Лесничиха поглядела на всех трех и усмехается.

— Чего, дура, смеешься?

— А то, говорит, смеюсь, что вот я и души не сгубила, и греха на душеньку свою не принимала, а деньги нашла.

— Какие деньги? Что брешешь?

— А вот погляди, как я брешу.

Лесничиха развязала узелок и показала им, окаянная, деньги, потом рассказала все: как пришла к ей Анютка, как говорила Анютка и прочее. Душегубы обрадовались, стали делиться промеж себя, чуть не поддались, потом, значит, сели за стол трескать. А Анютка лежит, бедная, слышит все ихние слова и трясется, как вьюн на сковороде. Что тут делать? И из ихних слов она узнала, что батенька померли и лежат поперек дороги, и мерещится ей, глупенькой, будто бедного батеньку едят волки и собаки, будто лошадь наша ушла далеко в лес, и ее тоже волки съели, и будто саму Анютку за то, что денег не уберегла, в острог посадят, бить будут.
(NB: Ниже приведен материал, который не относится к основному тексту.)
lemma deriv2_card_fun:
  "deriv (deriv (card_fun len x0 N k)) = (\<lambda>x. (1 / real N) * (\<Sum>l\<in>{-(int N div 2)..int N div 2}.
      (1 / a_w N l) * (- cos (of_int l * (2 * pi / len) * (x - (x0 + real k * (len / real N))))
        * (of_int l * (2 * pi / len)) * (of_int l * (2 * pi / len)))))"
proof -
  have cos': "((\<lambda>x. cos (a * (x - b))) has_real_derivative (- sin (a * (x - b)) * a)) (at x)"
    and sin': "((\<lambda>x. - sin (a * (x - b)) * a)
      has_real_derivative (- cos (a * (x - b)) * a * a)) (at x)"
    for a b x :: real
    by (rule derivative_eq_intros refl | simp)+
  have first: "deriv (card_fun len x0 N k) = (\<lambda>x. (1 / real N) * (\<Sum>l\<in>{-(int N div 2)..int N div 2}.
      (1 / a_w N l) * (- sin (of_int l * (2 * pi / len) * (x - (x0 + real k * (len / real N))))
        * (of_int l * (2 * pi / len)))))"
    unfolding card_fun_cos by (intro ext DERIV_imp_deriv DERIV_cmult DERIV_sum cos')
  show ?thesis
    unfolding first by (intro ext DERIV_imp_deriv DERIV_cmult DERIV_sum sin')
qed

definition spec_weight :: "real \<Rightarrow> nat \<Rightarrow> int \<Rightarrow> real" where
  "spec_weight len N l = (1 / a_w N l) * (of_int l * (2 * pi / len))\<^sup>2"

lemma D2_cos:
  assumes "len \<noteq> 0" "N > 0"
  shows "D2 len x0 N j k = - (1 / real N) * (\<Sum>l\<in>{-(int N div 2)..int N div 2}.
      spec_weight len N l * cos (2 * pi * of_int (l * (int j - int k)) / of_nat N))"
proof -
  have "of_int l * (2 * pi / len) * (x0 + real j * (len / real N) - (x0 + real k * (len / real N)))
      = 2 * pi * of_int (l * (int j - int k)) / of_nat N" for l
    using assms by (simp add: field_simps)
  then show ?thesis
    unfolding D2_def deriv2_card_fun spec_weight_def
    by (simp add: sum_negf power2_eq_square algebra_simps)
qed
А разбойники налопались и послали бабу за водкой. Пять рублей ей дали, чтобы и водки купила, и сладкого вина. Пошло у них на чужие деньги и пьянство и песни. Пили, пили, собаки, и опять бабу послали, чтоб, значит, пить без конца краю.

— Будем до утра гулять! — кричат. — Денег у нас теперь много, жалеть нечего! Пей, да ума не пропивай!

Этак к полночи, когда все были здорово урезавши, баба побежала за водкой третий раз, а лесник прошелся раза два по избе, а сам шатается.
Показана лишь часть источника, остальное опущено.